=== AVAILABLE DATA ===

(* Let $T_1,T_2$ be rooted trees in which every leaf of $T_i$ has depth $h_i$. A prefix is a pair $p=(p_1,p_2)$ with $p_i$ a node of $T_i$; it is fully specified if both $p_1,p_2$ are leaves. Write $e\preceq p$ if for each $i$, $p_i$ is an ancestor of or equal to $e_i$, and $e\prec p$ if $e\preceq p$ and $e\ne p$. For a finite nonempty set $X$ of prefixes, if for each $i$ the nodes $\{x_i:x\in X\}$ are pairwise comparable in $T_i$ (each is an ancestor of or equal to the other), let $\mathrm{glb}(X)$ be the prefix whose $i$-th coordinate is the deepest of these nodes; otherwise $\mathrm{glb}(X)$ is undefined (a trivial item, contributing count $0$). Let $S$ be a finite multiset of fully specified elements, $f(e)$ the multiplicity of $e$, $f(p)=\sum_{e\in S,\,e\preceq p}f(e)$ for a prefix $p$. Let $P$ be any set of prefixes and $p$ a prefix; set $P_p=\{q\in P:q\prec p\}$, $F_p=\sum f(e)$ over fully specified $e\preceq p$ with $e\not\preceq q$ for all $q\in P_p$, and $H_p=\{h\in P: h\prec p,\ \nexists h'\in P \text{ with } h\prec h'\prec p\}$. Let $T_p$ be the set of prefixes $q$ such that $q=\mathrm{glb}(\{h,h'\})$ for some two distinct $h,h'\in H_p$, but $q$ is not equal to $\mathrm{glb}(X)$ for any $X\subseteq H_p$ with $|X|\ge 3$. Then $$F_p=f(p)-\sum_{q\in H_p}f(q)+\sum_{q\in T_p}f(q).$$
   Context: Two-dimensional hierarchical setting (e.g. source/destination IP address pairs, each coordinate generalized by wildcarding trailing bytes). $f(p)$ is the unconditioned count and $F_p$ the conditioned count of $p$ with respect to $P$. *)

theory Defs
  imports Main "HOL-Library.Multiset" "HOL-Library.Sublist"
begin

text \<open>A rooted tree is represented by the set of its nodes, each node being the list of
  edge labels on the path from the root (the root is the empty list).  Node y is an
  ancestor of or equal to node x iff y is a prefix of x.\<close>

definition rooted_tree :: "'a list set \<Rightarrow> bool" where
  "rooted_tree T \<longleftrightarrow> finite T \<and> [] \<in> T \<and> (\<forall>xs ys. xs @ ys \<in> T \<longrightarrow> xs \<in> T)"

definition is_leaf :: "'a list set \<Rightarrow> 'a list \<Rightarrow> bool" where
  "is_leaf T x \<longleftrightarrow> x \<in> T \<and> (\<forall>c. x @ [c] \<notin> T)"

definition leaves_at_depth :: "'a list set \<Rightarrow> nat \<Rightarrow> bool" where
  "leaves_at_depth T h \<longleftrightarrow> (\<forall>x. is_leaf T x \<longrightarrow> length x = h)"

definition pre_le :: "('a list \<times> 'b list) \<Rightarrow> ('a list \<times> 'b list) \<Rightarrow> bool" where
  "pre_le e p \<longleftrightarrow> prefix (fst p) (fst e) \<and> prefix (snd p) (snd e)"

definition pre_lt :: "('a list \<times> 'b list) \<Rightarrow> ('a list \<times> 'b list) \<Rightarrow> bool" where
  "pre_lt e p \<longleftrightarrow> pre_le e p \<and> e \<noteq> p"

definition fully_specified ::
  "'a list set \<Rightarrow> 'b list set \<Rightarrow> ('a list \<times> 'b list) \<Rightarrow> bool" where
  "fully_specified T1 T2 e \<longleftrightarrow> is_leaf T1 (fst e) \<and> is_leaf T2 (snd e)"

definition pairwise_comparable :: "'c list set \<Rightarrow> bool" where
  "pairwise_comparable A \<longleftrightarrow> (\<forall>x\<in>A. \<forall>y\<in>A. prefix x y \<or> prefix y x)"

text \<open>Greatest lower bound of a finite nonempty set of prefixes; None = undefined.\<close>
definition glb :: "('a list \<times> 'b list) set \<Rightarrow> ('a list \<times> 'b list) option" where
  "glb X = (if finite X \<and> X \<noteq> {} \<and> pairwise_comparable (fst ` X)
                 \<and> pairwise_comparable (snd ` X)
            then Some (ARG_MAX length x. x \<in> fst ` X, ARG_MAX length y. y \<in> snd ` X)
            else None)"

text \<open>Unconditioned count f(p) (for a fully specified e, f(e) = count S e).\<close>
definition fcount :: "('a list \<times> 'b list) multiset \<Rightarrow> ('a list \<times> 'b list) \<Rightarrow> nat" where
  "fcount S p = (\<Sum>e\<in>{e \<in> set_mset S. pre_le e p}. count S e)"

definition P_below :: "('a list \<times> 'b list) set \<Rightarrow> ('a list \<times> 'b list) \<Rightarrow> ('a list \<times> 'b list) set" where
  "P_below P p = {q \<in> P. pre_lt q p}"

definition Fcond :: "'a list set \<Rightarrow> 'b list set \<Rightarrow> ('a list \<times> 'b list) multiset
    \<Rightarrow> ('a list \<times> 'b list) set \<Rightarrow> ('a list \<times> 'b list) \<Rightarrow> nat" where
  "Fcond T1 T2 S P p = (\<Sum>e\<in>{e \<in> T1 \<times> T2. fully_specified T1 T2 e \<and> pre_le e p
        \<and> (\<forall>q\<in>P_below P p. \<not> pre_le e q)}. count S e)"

===
=== AVAILABLE DATA ===

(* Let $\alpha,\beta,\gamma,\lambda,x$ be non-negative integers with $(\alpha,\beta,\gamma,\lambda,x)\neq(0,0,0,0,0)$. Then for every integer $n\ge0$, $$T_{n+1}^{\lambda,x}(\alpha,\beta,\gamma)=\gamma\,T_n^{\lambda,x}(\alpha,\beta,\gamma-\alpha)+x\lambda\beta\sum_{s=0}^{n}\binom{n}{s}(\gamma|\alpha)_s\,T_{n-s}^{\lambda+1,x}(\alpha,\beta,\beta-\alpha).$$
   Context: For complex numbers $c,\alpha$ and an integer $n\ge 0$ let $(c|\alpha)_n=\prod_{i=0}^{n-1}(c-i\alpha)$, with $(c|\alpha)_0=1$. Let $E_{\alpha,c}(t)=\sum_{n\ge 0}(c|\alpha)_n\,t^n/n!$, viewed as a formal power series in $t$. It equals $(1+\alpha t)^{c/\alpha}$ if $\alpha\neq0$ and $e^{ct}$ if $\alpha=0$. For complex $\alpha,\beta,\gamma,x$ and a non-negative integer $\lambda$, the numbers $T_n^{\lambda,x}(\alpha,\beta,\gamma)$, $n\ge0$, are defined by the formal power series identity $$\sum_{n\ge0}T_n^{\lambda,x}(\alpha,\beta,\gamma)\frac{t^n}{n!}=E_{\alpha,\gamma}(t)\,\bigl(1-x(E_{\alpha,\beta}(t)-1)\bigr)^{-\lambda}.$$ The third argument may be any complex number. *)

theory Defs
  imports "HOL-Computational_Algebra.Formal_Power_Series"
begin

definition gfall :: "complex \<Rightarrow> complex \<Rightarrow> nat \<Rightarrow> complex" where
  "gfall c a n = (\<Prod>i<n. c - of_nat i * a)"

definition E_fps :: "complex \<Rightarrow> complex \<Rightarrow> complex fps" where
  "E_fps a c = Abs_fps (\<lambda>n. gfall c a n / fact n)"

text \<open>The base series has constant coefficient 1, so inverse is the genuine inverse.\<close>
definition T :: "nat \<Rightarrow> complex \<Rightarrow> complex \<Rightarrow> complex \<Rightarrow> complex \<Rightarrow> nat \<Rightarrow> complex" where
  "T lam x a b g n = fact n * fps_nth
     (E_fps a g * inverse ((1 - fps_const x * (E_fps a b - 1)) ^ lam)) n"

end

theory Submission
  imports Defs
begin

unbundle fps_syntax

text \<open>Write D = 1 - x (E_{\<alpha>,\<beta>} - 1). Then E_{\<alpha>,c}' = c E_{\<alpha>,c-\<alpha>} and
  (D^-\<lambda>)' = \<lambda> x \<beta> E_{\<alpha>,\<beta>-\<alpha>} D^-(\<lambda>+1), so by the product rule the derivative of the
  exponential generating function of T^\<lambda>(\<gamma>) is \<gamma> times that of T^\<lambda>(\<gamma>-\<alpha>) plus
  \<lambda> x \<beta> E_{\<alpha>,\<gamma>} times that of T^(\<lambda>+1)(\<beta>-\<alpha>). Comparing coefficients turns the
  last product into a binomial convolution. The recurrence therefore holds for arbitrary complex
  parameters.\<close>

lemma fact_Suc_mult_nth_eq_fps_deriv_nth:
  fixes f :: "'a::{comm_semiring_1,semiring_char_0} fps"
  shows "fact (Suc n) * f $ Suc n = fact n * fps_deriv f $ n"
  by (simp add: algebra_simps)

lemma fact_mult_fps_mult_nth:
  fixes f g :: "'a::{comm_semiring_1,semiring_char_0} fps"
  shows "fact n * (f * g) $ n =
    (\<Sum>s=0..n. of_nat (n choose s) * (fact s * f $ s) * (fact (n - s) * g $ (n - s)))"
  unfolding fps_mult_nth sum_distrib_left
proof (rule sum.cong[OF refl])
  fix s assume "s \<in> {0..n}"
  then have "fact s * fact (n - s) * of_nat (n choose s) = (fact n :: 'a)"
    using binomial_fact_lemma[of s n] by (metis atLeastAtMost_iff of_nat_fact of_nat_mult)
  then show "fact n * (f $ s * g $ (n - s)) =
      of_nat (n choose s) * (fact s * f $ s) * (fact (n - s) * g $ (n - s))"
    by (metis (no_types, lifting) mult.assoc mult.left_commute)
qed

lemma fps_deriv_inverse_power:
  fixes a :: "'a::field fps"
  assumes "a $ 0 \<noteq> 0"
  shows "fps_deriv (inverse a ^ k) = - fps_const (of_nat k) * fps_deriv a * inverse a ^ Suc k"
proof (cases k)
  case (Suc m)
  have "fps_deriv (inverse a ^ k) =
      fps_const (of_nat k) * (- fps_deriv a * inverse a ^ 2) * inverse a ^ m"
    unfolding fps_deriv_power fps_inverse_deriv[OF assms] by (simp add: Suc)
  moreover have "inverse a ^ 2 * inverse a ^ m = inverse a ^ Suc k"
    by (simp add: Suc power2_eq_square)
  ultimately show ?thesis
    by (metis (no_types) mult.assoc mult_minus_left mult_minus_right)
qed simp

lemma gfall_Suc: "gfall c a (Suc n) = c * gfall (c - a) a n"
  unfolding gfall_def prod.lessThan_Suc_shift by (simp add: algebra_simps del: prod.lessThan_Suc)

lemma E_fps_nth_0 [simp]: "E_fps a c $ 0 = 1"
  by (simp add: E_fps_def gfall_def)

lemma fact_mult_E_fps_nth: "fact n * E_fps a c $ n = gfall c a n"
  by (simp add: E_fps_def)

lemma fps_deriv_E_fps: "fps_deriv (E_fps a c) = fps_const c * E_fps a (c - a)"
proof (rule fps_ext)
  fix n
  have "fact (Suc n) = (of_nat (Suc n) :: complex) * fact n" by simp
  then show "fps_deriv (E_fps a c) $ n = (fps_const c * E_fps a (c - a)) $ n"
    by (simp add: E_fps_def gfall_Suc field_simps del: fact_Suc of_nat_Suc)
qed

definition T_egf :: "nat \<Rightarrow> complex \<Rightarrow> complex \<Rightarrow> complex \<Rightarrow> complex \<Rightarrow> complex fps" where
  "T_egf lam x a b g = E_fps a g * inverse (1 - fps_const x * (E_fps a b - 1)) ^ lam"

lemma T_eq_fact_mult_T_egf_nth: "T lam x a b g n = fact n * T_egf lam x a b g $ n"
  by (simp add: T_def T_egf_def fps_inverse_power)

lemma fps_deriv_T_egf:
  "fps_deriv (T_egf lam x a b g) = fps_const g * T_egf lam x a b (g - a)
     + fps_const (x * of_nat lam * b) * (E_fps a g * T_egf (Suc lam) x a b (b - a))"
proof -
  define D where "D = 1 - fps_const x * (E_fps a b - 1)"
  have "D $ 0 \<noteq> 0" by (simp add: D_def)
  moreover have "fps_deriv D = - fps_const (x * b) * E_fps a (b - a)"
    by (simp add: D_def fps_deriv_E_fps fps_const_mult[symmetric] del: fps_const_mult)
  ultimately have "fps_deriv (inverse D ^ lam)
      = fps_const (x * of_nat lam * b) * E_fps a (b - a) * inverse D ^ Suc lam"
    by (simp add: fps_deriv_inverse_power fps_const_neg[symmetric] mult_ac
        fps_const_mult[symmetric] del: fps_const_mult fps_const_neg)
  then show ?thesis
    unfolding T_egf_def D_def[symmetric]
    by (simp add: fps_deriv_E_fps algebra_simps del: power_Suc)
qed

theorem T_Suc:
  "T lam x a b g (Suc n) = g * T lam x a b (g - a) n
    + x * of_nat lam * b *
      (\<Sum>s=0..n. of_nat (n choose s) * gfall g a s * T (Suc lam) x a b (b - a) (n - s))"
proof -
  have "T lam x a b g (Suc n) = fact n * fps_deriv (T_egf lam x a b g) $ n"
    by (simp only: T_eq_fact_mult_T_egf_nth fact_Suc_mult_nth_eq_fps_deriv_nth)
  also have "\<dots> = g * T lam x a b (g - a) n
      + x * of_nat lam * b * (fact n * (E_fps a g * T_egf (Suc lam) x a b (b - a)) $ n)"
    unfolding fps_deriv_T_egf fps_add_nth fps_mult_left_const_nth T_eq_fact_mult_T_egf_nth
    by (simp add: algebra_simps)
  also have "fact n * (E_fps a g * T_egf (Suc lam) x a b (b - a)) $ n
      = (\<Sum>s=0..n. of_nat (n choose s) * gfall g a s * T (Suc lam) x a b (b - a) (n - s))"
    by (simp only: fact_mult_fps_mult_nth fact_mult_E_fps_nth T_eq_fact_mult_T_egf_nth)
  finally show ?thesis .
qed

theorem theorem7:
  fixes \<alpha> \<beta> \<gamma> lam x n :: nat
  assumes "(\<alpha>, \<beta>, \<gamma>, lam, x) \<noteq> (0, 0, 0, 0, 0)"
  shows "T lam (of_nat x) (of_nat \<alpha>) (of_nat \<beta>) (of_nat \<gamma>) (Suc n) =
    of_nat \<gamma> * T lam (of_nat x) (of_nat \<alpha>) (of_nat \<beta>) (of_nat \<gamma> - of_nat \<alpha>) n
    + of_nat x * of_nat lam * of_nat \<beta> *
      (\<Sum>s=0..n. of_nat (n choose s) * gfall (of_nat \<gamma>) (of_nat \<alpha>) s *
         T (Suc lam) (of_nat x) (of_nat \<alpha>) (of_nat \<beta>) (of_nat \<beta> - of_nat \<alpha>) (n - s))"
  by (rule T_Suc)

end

===

■ WORK REQUIRED ■
Set down, exactly as they appear above, all lines from the one that has "by (simp add: E_fps_def gfall_def)" down to the one that has "n = (fps_const", including those two and no others.

■ TASK SOLUTION ■
  by (simp add: E_fps_def gfall_def)

lemma fact_mult_E_fps_nth: "fact n * E_fps a c $ n = gfall c a n"
  by (simp add: E_fps_def)

lemma fps_deriv_E_fps: "fps_deriv (E_fps a c) = fps_const c * E_fps a (c - a)"
proof (rule fps_ext)
  fix n
  have "fact (Suc n) = (of_nat (Suc n) :: complex) * fact n" by simp
  then show "fps_deriv (E_fps a c) $ n = (fps_const c * E_fps a (c - a)) $ n"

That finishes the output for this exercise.